(* Let $G=(V,E)$ be a 4-regular 4-edge-connected graph, let $T$ be a spanning tree of $G$ with no vertex of degree four, rooted at a leaf $r$ of $T$, and let $L=E\setminus T$. Let $G'=(V',E')$, $T'$ and $L'=E'\setminus T'$ be the subdivided graph, tree and links. Then: (1) for any $F'\subseteq L'$ such that $T'+F'$ is 2-edge-connected, $T+F$ is 2-vertex-connected, where $F\subseteq L$ is the set of links corresponding to $F'$; and (2) for every edge $e'\in T'$ there are at least two links $\ell'_1,\ell'_2\in L'$ whose paths in $T'$ contain $e'$.
   Context: For a link $\ell\in L$, $P_\ell$ denotes the path in $T$ between the endpoints of $\ell$. The subdivided graph $G'$ is obtained from $G$ as follows: each tree edge $e=uw\in T$ is subdivided into two edges $uv_e$ and $v_ew$ with a new vertex $v_e$, and $T'$ consists of all these edges. For each link $\ell\in L$ a link $\ell'\in L'$ is created: for each endpoint $u$ of $\ell$, if $u$ is the root or a leaf of $T$ then $u$ is an endpoint of $\ell'$; if $u$ is an internal vertex of $T$, let $e$ be the (unique) edge of $P_\ell$ incident to $u$, and then $v_e$ is an endpoint of $\ell'$. This gives a bijection $\ell\leftrightarrow\ell'$ between $L$ and $L'$, and for $F'\subseteq L'$, $F$ denotes the corresponding subset of $L$. $T+F$ denotes the graph $(V,T\cup F)$. *)

theory Defs
  imports Main
begin

definition graph :: "'a set \<Rightarrow> 'a set set \<Rightarrow> bool" where
  "graph V E \<longleftrightarrow> finite V \<and> (\<forall>e\<in>E. \<exists>u w. u \<in> V \<and> w \<in> V \<and> u \<noteq> w \<and> e = {u, w})"

definition degree :: "'a set set \<Rightarrow> 'a \<Rightarrow> nat" where
  "degree E v = card {e \<in> E. v \<in> e}"

definition adj_rel :: "'a set set \<Rightarrow> ('a \<times> 'a) set" where
  "adj_rel E = {(x, y). {x, y} \<in> E}"

definition connected_graph :: "'a set \<Rightarrow> 'a set set \<Rightarrow> bool" where
  "connected_graph V E \<longleftrightarrow>
     (\<forall>u\<in>V. \<forall>w\<in>V. (u, w) \<in> (adj_rel {e \<in> E. e \<subseteq> V})\<^sup>*)"

definition k_edge_connected :: "nat \<Rightarrow> 'a set \<Rightarrow> 'a set set \<Rightarrow> bool" where
  "k_edge_connected k V E \<longleftrightarrow>
     (\<forall>D \<subseteq> E. card D < k \<longrightarrow> connected_graph V (E - D))"

definition k_vertex_connected :: "nat \<Rightarrow> 'a set \<Rightarrow> 'a set set \<Rightarrow> bool" where
  "k_vertex_connected k V E \<longleftrightarrow> card V > k \<and>
     (\<forall>X \<subseteq> V. card X < k \<longrightarrow> connected_graph (V - X) {e \<in> E. e \<inter> X = {}})"

definition is_path :: "'a set set \<Rightarrow> 'a \<Rightarrow> 'a \<Rightarrow> 'a list \<Rightarrow> bool" where
  "is_path E u w p \<longleftrightarrow> p \<noteq> [] \<and> hd p = u \<and> last p = w \<and> distinct p \<and>
     (\<forall>i. Suc i < length p \<longrightarrow> {p ! i, p ! Suc i} \<in> E)"

definition path_edges :: "'a list \<Rightarrow> 'a set set" where
  "path_edges p = {{p ! i, p ! Suc i} | i. Suc i < length p}"

definition acyclic_graph :: "'a set set \<Rightarrow> bool" where
  "acyclic_graph E \<longleftrightarrow> \<not> (\<exists>p. length p \<ge> 3 \<and> distinct p \<and>
     (\<forall>i. Suc i < length p \<longrightarrow> {p ! i, p ! Suc i} \<in> E) \<and> {last p, hd p} \<in> E)"

definition is_tree :: "'a set \<Rightarrow> 'a set set \<Rightarrow> bool" where
  "is_tree V T \<longleftrightarrow> graph V T \<and> connected_graph V T \<and> acyclic_graph T"

definition spanning_tree :: "'a set \<Rightarrow> 'a set set \<Rightarrow> 'a set set \<Rightarrow> bool" where
  "spanning_tree V E T \<longleftrightarrow> T \<subseteq> E \<and> is_tree V T"

definition tree_path :: "'a set set \<Rightarrow> 'a \<Rightarrow> 'a \<Rightarrow> 'a list" where
  "tree_path T u w = (THE p. is_path T u w p)"

text \<open>Edges of P_l, the tree path between the endpoints of a link l.\<close>
definition link_path :: "'a set set \<Rightarrow> 'a set \<Rightarrow> 'a set set" where
  "link_path T l = (\<Union>u\<in>l. \<Union>w\<in>l. if u \<noteq> w then path_edges (tree_path T u w) else {})"

text \<open>Subdivision: original vertices are Inl v, the subdivision vertex v_e of
tree edge e is Inr e.\<close>
definition sub_vertices :: "'a set \<Rightarrow> 'a set set \<Rightarrow> ('a + 'a set) set" where
  "sub_vertices V T = Inl ` V \<union> Inr ` T"

definition sub_tree :: "'a set set \<Rightarrow> ('a + 'a set) set set" where
  "sub_tree T = {{Inl u, Inr e} | u e. e \<in> T \<and> u \<in> e}"

text \<open>Endpoint of l' corresponding to endpoint u of link l (tree T, root r).\<close>
definition sub_end :: "'a set set \<Rightarrow> 'a \<Rightarrow> 'a set \<Rightarrow> 'a \<Rightarrow> 'a + 'a set" where
  "sub_end T r l u =
     (if u = r \<or> degree T u = 1 then Inl u
      else Inr (THE e. e \<in> link_path T l \<and> u \<in> e))"

definition sub_link :: "'a set set \<Rightarrow> 'a \<Rightarrow> 'a set \<Rightarrow> ('a + 'a set) set" where
  "sub_link T r l = sub_end T r l ` l"

end

theory Submission
  imports Defs
begin

text \<open>
  Part (2). For a tree edge \<open>e = ux\<close> let \<open>S\<close> be the vertex set of the component of \<open>u\<close> in
  \<open>T - e\<close>. The edge \<open>{u, v\<^sub>e}\<close> of \<open>T'\<close> lies on the path of the image \<open>l'\<close> of every link \<open>l\<close>
  leaving \<open>S\<close>, unless \<open>u\<close> is an internal vertex of \<open>T\<close> and an endpoint of \<open>l\<close>. By
  4-edge-connectivity at least four edges leave \<open>S\<close>, and if \<open>u\<close> is a leaf or the root, at least
  three of them are links. Otherwise \<open>u\<close> has a second tree edge into \<open>S\<close>, so at least four edges
  also leave \<open>S - u\<close>; as only four edges meet \<open>u\<close>, at least two links avoiding \<open>u\<close> leave \<open>S\<close>.
  Distinct links have distinct images.

  Part (1). If \<open>T + F - v\<close> were disconnected, each of its components would contain a tree
  neighbour of \<open>v\<close>. Since \<open>v\<close> has at most three of them, and only one if it is a leaf or the
  root, some component contains exactly one, \<open>y\<close>. That component, lifted to the subdivision,
  is left only through the edge \<open>{v, v\<^sub>e}\<close>, \<open>e = vy\<close>, of \<open>T' + F'\<close>.
\<close>

section \<open>Reachability and paths\<close>

definition reach :: "'a set set \<Rightarrow> 'a \<Rightarrow> 'a \<Rightarrow> bool" where
  "reach E a b \<longleftrightarrow> (a, b) \<in> (adj_rel E)\<^sup>*"

definition all_edges_bridges :: "'a set set \<Rightarrow> bool" where
  "all_edges_bridges E \<longleftrightarrow> (\<forall>x y. {x, y} \<in> E \<longrightarrow> x \<noteq> y \<longrightarrow> \<not> reach (E - {{x, y}}) x y)"

definition cut_edges :: "'a set set \<Rightarrow> 'a set \<Rightarrow> 'a set set" where
  "cut_edges E W = {f \<in> E. f \<inter> W \<noteq> {} \<and> \<not> f \<subseteq> W}"

lemma reach_refl [simp]: "reach E a a"
  by (simp add: reach_def)

lemma reach_edge: "{a, b} \<in> E \<Longrightarrow> reach E a b"
  by (auto simp: reach_def adj_rel_def)

lemma reach_trans: "reach E a b \<Longrightarrow> reach E b c \<Longrightarrow> reach E a c"
  unfolding reach_def by (rule rtrancl_trans)

lemma reach_sym: "reach E a b \<Longrightarrow> reach E b a"
proof -
  have "sym (adj_rel E)"
    by (auto simp: sym_def adj_rel_def insert_commute)
  then show "reach E a b \<Longrightarrow> reach E b a"
    unfolding reach_def by (metis rtrancl_converseD sym_conv_converse_eq sym_rtrancl)
qed

lemma reach_mono: "reach E a b \<Longrightarrow> E \<subseteq> E' \<Longrightarrow> reach E' a b"
proof -
  assume "reach E a b" "E \<subseteq> E'"
  have "adj_rel E \<subseteq> adj_rel E'" using \<open>E \<subseteq> E'\<close> by (auto simp: adj_rel_def)
  then show ?thesis using \<open>reach E a b\<close> unfolding reach_def
    by (meson rtrancl_mono subsetD)
qed

lemma reach_closed:
  assumes "reach E a b" "a \<in> S" "\<And>x y. x \<in> S \<Longrightarrow> {x, y} \<in> E \<Longrightarrow> y \<in> S"
  shows "b \<in> S"
  using assms(1)[unfolded reach_def] assms(2)
  by (induction rule: rtrancl_induct) (auto simp: adj_rel_def intro: assms(3))

lemma connected_graph_iff_reach:
  "connected_graph V E \<longleftrightarrow> (\<forall>u\<in>V. \<forall>w\<in>V. reach {e \<in> E. e \<subseteq> V} u w)"
  by (simp add: connected_graph_def reach_def)

lemma path_edges_Nil [simp]: "path_edges [] = {}"
  and path_edges_single [simp]: "path_edges [x] = {}"
  by (simp_all add: path_edges_def)

lemma path_edges_Cons2 [simp]: "path_edges (x # y # zs) = insert {x, y} (path_edges (y # zs))"
proof (rule set_eqI)
  fix f
  show "f \<in> path_edges (x # y # zs) \<longleftrightarrow> f \<in> insert {x, y} (path_edges (y # zs))"
  proof
    assume "f \<in> path_edges (x # y # zs)"
    then obtain i where i: "f = {(x # y # zs) ! i, (x # y # zs) ! Suc i}" "Suc i < length (x # y # zs)"
      by (auto simp: path_edges_def)
    show "f \<in> insert {x, y} (path_edges (y # zs))"
    proof (cases i)
      case 0 then show ?thesis using i by simp
    next
      case (Suc j) then show ?thesis using i by (auto simp: path_edges_def)
    qed
  next
    assume "f \<in> insert {x, y} (path_edges (y # zs))"
    then show "f \<in> path_edges (x # y # zs)"
    proof
      assume "f = {x, y}" then show ?thesis unfolding path_edges_def
        by (intro CollectI exI[of _ 0]) simp
    next
      assume "f \<in> path_edges (y # zs)"
      then obtain i where i: "f = {(y # zs) ! i, (y # zs) ! Suc i}" "Suc i < length (y # zs)"
        by (auto simp: path_edges_def)
      then show ?thesis unfolding path_edges_def
        by (intro CollectI exI[of _ "Suc i"]) simp
    qed
  qed
qed

lemma consecutive_edges_iff_path_edges:
  "(\<forall>i. Suc i < length p \<longrightarrow> {p ! i, p ! Suc i} \<in> E) \<longleftrightarrow> path_edges p \<subseteq> E"
  by (auto simp: path_edges_def)

lemma is_path_iff:
  "is_path E u w p \<longleftrightarrow> p \<noteq> [] \<and> hd p = u \<and> last p = w \<and> distinct p \<and> path_edges p \<subseteq> E"
  unfolding is_path_def consecutive_edges_iff_path_edges ..

lemma path_edges_subset_set: "f \<in> path_edges p \<Longrightarrow> f \<subseteq> set p"
  by (induction p rule: induct_list012) auto

lemma reach_hd_last: "path_edges p \<subseteq> E \<Longrightarrow> p \<noteq> [] \<Longrightarrow> reach E (hd p) (last p)"
  by (induction p rule: induct_list012) (auto intro: reach_trans reach_edge)

lemma is_path_Cons2_iff:
  "is_path E u w (a # z # ps) \<longleftrightarrow>
     a = u \<and> {u, z} \<in> E \<and> u \<notin> set (z # ps) \<and> is_path E z w (z # ps)"
  by (auto simp: is_path_iff)

lemma reach_along_path: "is_path E u w p \<Longrightarrow> path_edges p \<subseteq> E' \<Longrightarrow> reach E' u w"
  unfolding is_path_iff using reach_hd_last by blast

lemma path_edges_avoid: "a \<notin> set p \<Longrightarrow> f \<in> path_edges p \<Longrightarrow> a \<notin> f"
  using path_edges_subset_set by blast

lemma path_edges_append: "path_edges ys \<subseteq> path_edges (xs @ ys)"
proof (induction xs)
  case (Cons x xs)
  then show ?case by (cases "xs @ ys") auto
qed simp

lemma reach_imp_path:
  assumes "reach E u w"
  obtains p where "is_path E u w p"
proof -
  have "\<exists>p. is_path E u w p"
    using assms[unfolded reach_def]
  proof (induction rule: converse_rtrancl_induct)
    case base
    show ?case by (rule exI[of _ "[w]"]) (simp add: is_path_iff)
  next
    case (step y z)
    then obtain p where p: "is_path E z w p" by blast
    show ?case
    proof (cases "y \<in> set p")
      case True
      then obtain xs ys where "p = xs @ y # ys" by (meson split_list)
      then show ?thesis using p path_edges_append[of "y # ys" xs]
        by (intro exI[of _ "y # ys"]) (auto simp: is_path_iff)
    next
      case False
      then show ?thesis using p step(1)
        by (intro exI[of _ "y # p"]) (cases p, auto simp: is_path_iff adj_rel_def)
    qed
  qed
  then show thesis using that by blast
qed

lemma acyclic_all_edges_bridges:
  assumes "acyclic_graph E"
  shows "all_edges_bridges E"
  unfolding all_edges_bridges_def
proof (intro allI impI notI)
  fix x y
  assume xy: "{x, y} \<in> E" "x \<noteq> y" and "reach (E - {{x, y}}) x y"
  then obtain q where q: "is_path (E - {{x, y}}) x y q"
    by (blast elim: reach_imp_path)
  then obtain z q' where z: "q = x # z # q'"
    using xy(2) unfolding is_path_iff by (metis hd_Cons_tl last_ConsL list.exhaust)
  have "q' \<noteq> []"
    using q z by (auto simp: is_path_iff)
  then have "length q \<ge> 3" using z by (cases q') auto
  moreover have "path_edges q \<subseteq> E" "{last q, hd q} \<in> E" "distinct q"
    using q xy by (auto simp: is_path_iff insert_commute)
  ultimately show False
    using assms unfolding acyclic_graph_def consecutive_edges_iff_path_edges by blast
qed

_ _ _ _ _ _ _

Only a number is wanted. How many lines of the entries above carry "have"?

7